XCOM seems thoroughly splendid, as most reviews have suggested a worthy update of a classic, and leaving it a while may have been a good idea as I haven’t hit any major bugs yet, possibly thanks to a couple of patches since release. Half the fun is always naming your squad after friends, family, bloggers, film stars etc.; so far I’ve gone with Ramsay “Chopper” MacDonald leading his cabinet from the Second National Ministry, 1st “Viscount” Hailsham proving a dab hand with a sniper rifle, and Philip “RightHon” Cunliffe-Lister extending his brief to specialise in live alien capture. I’m just hoping their rearmament policy isn’t too late…

Tuesday 6 November 2012

There is an inevitable divergence between the world as it is and the world as men perceive it

Finally, the British have arrived in World of Tanks. In a conventional World War II game it would obviously be the work of a deranged madman to include non-existent French tanks before the sturdy tea-boilers of the good old UK, so World of Tanks is clearly an alternate history game. I reckon the point of divergence in the Tankiverse was that Britain and France didn’t declare war on Germany when it invaded Poland, so the Phoney War was the shaky preservation of the Molotov-Ribbentrop Pact until May 1940, at which point Hitler strikes east instead of west, launching World of Tanks with its German and Soviet vehicles. Shortly after, the United States enters the war; this is where things get a bit tricky. Japan aren’t involved yet, presumably waiting until World of Warplanes and World of Warships to stage Pearl Harbor having ruled out the possibility of building a really, really long bridge to kick things off with tanks, so that’s not the catalyst. With elections being a bit topical and all, then: George S. Patton gets bored, secures the Republican nomination for the 1940 election, sweeps to victory, and decides to invade Russia. Via Alaska. Entirely plausible (for very small values of “entirely”). That gets us to the EU/US launch of World of Tanks, with added American tanks.

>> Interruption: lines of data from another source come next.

abbreviation "A \<equiv> astar q \<delta> \<rho> Wy Wx dX"
abbreviation "B \<equiv> bstar q \<delta> \<rho> Wy Wx dX"

end

locale selection_at_discount = selection_problem +
  fixes \<beta> :: real
  assumes \<beta>_pos: "0 < \<beta>" and \<beta>_less_1: "\<beta> < 1"
begin

abbreviation "G \<equiv> Gam q \<delta> \<rho> Wy Wx dX \<beta>"
abbreviation "Zx \<equiv> Zs q Wx"

definition Gam0 :: real where "Gam0 = \<delta> - q * \<rho> - \<beta> * dX"

text \<open>\<delta> q Gam_slope b a is the derivative of a \<mapsto> G a b.\<close>
definition Gam_slope :: "real \<Rightarrow> real \<Rightarrow> real" where
  "Gam_slope b u = Wy u * (1 - \<beta> * Zx (b - u))"

definition Gam_slope_integral :: "real \<Rightarrow> real \<Rightarrow> real" where
  "Gam_slope_integral a b = integral {0..a} (Gam_slope b)"

lemma continuous_on_Zx: "continuous_on UNIV Zx"
  by (rule continuous_on_Zs[OF Wx])

lemma continuous_on_Zx_compose[continuous_intros]:
  "continuous_on S f \<Longrightarrow> continuous_on S (\<lambda>x. Zx (f x))"
  by (rule continuous_on_compose2[OF continuous_on_Zx]) auto

lemma Zx_mono: "x \<le> y \<Longrightarrow> Zx x \<le> Zx y"
  using q_pos by (intro Zs_mono[OF Wx]) auto

lemma Zx_less: "x < y \<Longrightarrow> 0 < y \<Longrightarrow> Zx x < Zx y"
  using q_pos by (intro Zs_less[OF Wx]) auto

lemma continuous_on_Gam_slope: "continuous_on {0..a} (Gam_slope b)"
  unfolding Gam_slope_def by (intro continuous_intros admissible_scale_continuous_on[OF Wy]) auto

lemma Gam_slope_integrable: "Gam_slope b integrable_on {0..a}"
  by (rule integrable_continuous_interval[OF continuous_on_Gam_slope])

lemma Gam_slope_integral_combine:
  "0 \<le> x \<Longrightarrow> x \<le> y \<Longrightarrow> Gam_slope_integral y b = Gam_slope_integral x b + integral {x..y} (Gam_slope b)"
  unfolding Gam_slope_integral_def
  by (metis Henstock_Kurzweil_Integration.integral_combine Gam_slope_integrable)

lemma Gam_eq_slope_integral:
  assumes "0 \<le> a" "a \<le> b"
  shows "G a b = Gam0 - q * \<beta> * Zbar q Wx b + \<delta> * q * Gam_slope_integral a b"
proof -
  have conv: "integral {b-a..b} (\<lambda>y. Wy (b - y) * Zx y) = integral {0..a} (\<lambda>u. Wy u * Zx (b - u))"
    using integral_reflect_shift[of b a "\<lambda>u. Wy u * Zx (b - u)"] by simp
  have "Gam_slope_integral a b = integral {0..a} (\<lambda>u. Wy u - \<beta> * (Wy u * Zx (b - u)))"
    unfolding Gam_slope_integral_def Gam_slope_def by (simp add: algebra_simps)
  also have "\<dots> = integral {0..a} Wy - \<beta> * integral {0..a} (\<lambda>u. Wy u * Zx (b - u))"
    by (subst integral_diff)
      (auto intro!: integrable_continuous_interval continuous_intros admissible_scale_integrable[OF Wy]
        admissible_scale_continuous_on[OF Wy])
  finally have slope: "Gam_slope_integral a b =
      integral {0..a} Wy - \<beta> * integral {0..a} (\<lambda>u. Wy u * Zx (b - u))" .
  show ?thesis
    unfolding Gam_def rtil_def Rq_def conv Zs_def[of q Wy] Gam0_def slope
    using q_pos by (simp add: algebra_simps)
qed

lemma Gam_0_0: "G 0 0 = Gam0"
  using Gam_eq_slope_integral[of 0 0] by (simp add: Gam_slope_integral_def Zbar_0)

lemma Gam_0: "0 \<le> b \<Longrightarrow> G 0 b = Gam0 - q * \<beta> * Zbar q Wx b"
  using Gam_eq_slope_integral[of 0 b] by (simp add: Gam_slope_integral_def)

lemma ex1_gap: "\<exists>!z. z \<ge> 0 \<and> Zx z = 1 / \<beta>"
proof -
  have W1: "Wx 1 > 0" by (rule admissible_scale_pos[OF Wx]) simp
  define N where "N = max 1 (1 + (1 / \<beta> - 1) / (q * Wx 1))"
  have N1: "N \<ge> 1" by (simp add: N_def)
  have "q * Wx 1 * (N - 1) \<ge> q * Wx 1 * ((1 / \<beta> - 1) / (q * Wx 1))"
    using q_pos W1 by (intro mult_left_mono) (auto simp: N_def)
  then have "Zx N \<ge> 1 / \<beta>"
    using Zs_ge_linear[OF Wx _ N1, of q] q_pos W1 by simp
  moreover have "Zx 0 \<le> 1 / \<beta>" using \<beta>_pos \<beta>_less_1 by (simp add: Zs_nonpos field_simps)
  ultimately obtain z where z: "0 \<le> z" "Zx z = 1 / \<beta>"
    using IVT'[of Zx 0 "1/\<beta>" N] N1 continuous_on_subset[OF continuous_on_Zx] by auto
  moreover have "w = z" if "w \<ge> 0" "Zx w = 1 / \<beta>" for w
    using Zx_less[of w z] Zx_less[of z w] z that by (cases w z rule: linorder_cases) auto
  ultimately show ?thesis by blast
qed

text \<open>gap is the value of b - a at the selected pair in the interior case.\<close>
definition gap :: real where "gap = (THE z. z \<ge> 0 \<and> Zx z = 1 / \<beta>)"

lemma gap_nonneg: "gap \<ge> 0" and Zx_gap: "Zx gap = 1 / \<beta>"
  using theI'[OF ex1_gap] by (auto simp: gap_def)

lemma gap_pos: "gap > 0"
proof -
  have "Zx 0 \<noteq> 1 / \<beta>" using \<beta>_pos \<beta>_less_1 by (simp add: Zs_nonpos field_simps)
  then show ?thesis using gap_nonneg Zx_gap by (cases "gap = 0") auto
qed

lemma gap_less: assumes "1 / \<beta> < Zx e" shows "gap < e"
  using Zx_mono[of e gap] assms Zx_gap by linarith

lemma Gam_slope_neg: assumes "0 < u" "u < b - gap" shows "Gam_slope b u < 0"
proof -
  have "1 / \<beta> < Zx (b - u)" using assms gap_nonneg Zx_less[of gap "b - u"] by (simp add: Zx_gap)
  then have "1 < \<beta> * Zx (b - u)" using \<beta>_pos by (simp add: field_simps)
  then show ?thesis
    unfolding Gam_slope_def using admissible_scale_pos[OF Wy assms(1)] by (simp add: mult_pos_neg)
qed

lemma Gam_slope_pos: assumes "0 < u" "b - gap < u" shows "Gam_slope b u > 0"
proof -
  have "Zx (b - u) < 1 / \<beta>" using assms gap_pos Zx_less[of "b - u" gap] by (simp add: Zx_gap)
  then have "\<beta> * Zx (b - u) < 1" using \<beta>_pos by (simp add: field_simps)
  then show ?thesis
    unfolding Gam_slope_def using admissible_scale_pos[OF Wy assms(1)] by simp
qed

definition best_a :: "real \<Rightarrow> real" where "best_a b = max 0 (b - gap)"

lemma best_a_in: "0 \<le> b \<Longrightarrow> best_a b \<in> {0..b}"
  using gap_pos by (auto simp: best_a_def)

text \<open>The slope changes sign exactly once, at b - gap, so best_a b is the strict minimiser.\<close>
lemma Gam_slope_integral_best_a_less:
  assumes "0 \<le> a" "a \<le> b" "a \<noteq> best_a b"
  shows "Gam_slope_integral (best_a b) b < Gam_slope_integral a b"
proof (cases "a < best_a b")
  case True
  then have "best_a b = b - gap" using assms by (auto simp: best_a_def)
  then have "integral {a..best_a b} (Gam_slope b) < integral {a..best_a b} (\<lambda>_. 0)"
    using True assms
    by (intro integral_less_real continuous_on_subset[OF continuous_on_Gam_slope] Gam_slope_neg) auto
  moreover have "Gam_slope_integral (best_a b) b = Gam_slope_integral a b + integral {a..best_a b} (Gam_slope b)"
    using True assms by (intro Gam_slope_integral_combine) auto
  ultimately show ?thesis by simp
next
  case False
  then have lt: "best_a b < a" using assms by simp
  have "integral {best_a b..a} (\<lambda>_. 0) < integral {best_a b..a} (Gam_slope b)"
    using lt
    by (intro integral_less_real continuous_on_subset[OF continuous_on_Gam_slope] Gam_slope_pos)
      (auto simp: best_a_def)
  moreover have "Gam_slope_integral a b = Gam_slope_integral (best_a b) b + integral {best_a b..a} (Gam_slope b)"
    using lt by (intro Gam_slope_integral_combine) (auto simp: best_a_def)
  ultimately show ?thesis by simp
qed

lemma Gam_best_a_less:
  assumes "0 \<le> a" "a \<le> b" "a \<noteq> best_a b"
  shows "G (best_a b) b < G a b"
  using Gam_slope_integral_best_a_less[OF assms] best_a_in[of b] assms \<delta>_pos q_pos
  by (simp add: Gam_eq_slope_integral)

lemma Gam_best_a_le: "0 \<le> a \<Longrightarrow> a \<le> b \<Longrightarrow> G (best_a b) b \<le> G a b"
  using Gam_best_a_less[of a b] by (cases "a = best_a b") auto

definition Gam_best :: "real \<Rightarrow> real" where "Gam_best b = G (best_a b) b"

lemma minGam_eq_Gam_best: "0 \<le> b \<Longrightarrow> minGam q \<delta> \<rho> Wy Wx dX \<beta> b = Gam_best b"
  unfolding minGam_def Gam_best_def
  by (rule cInf_eq_minimum) (use best_a_in Gam_best_a_le in auto)

lemma Gam_best_eq:
  "0 \<le> b \<Longrightarrow> Gam_best b = Gam0 - q * \<beta> * Zbar q Wx b + \<delta> * q * Gam_slope_integral (best_a b) b"
  unfolding Gam_best_def using best_a_in by (intro Gam_eq_slope_integral) auto

lemma Gam_best_0: "Gam_best 0 = Gam0"
  using gap_pos Gam_0_0 by (simp add: Gam_best_def best_a_def)

lemma Gam_best_le: assumes "0 \<le> b" shows "Gam_best b \<le> Gam0 - q * \<beta> * b"
proof -
  have "Gam_best b \<le> G 0 b" unfolding Gam_best_def using assms by (intro Gam_best_a_le) auto
  moreover have "Zbar q Wx b \<ge> b" using Zbar_diff_ge[OF Wx _ _ assms] q_pos by (simp add: Zbar_0)
  then have "q * \<beta> * b \<le> q * \<beta> * Zbar q Wx b" using q_pos \<beta>_pos by (intro mult_left_mono) auto
  ultimately show ?thesis using Gam_0[OF assms] by linarith
qed

lemma Gam_best_gap: "Gam_best gap = Gam0 - q * \<beta> * Zbar q Wx gap"
  using Gam_0[OF gap_nonneg] by (simp add: Gam_best_def best_a_def)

In this world the UK, rather than the US, adopts an isolationist stance. The French are biding their time, still miffed because they didn’t get Alsace-Lorraine back after World War I for terribly good reasons that I can’t be bothered to make up, eventually launching an invasion to reclaim their territory with a bunch of stupid prototype tanks in Operation: Patch 7.1 during January 2012 (or July 1941 by the Tankiverse calendar). Fighting a two-front war, the Germans formulate a cunning plan: elite Brandenburgers capture a French submarine and torpedo a convoy of Darjeeling bound for Liverpool in June 1942, a date that will live in leaf-infusion infamy. This is too much for the Brits, who kick out Chamberlain or Attlee or some bloke like that, elect Churchill, and storm onto the Normandy beaches. Voila! Germany vs the USSR vs America vs France vs the UK. Watch out for a Kickstarter campaign soon for the tie-in novel, “A Bunch Of Countries Fight Each Other For Some Reason But Only With Tanks And This And That”.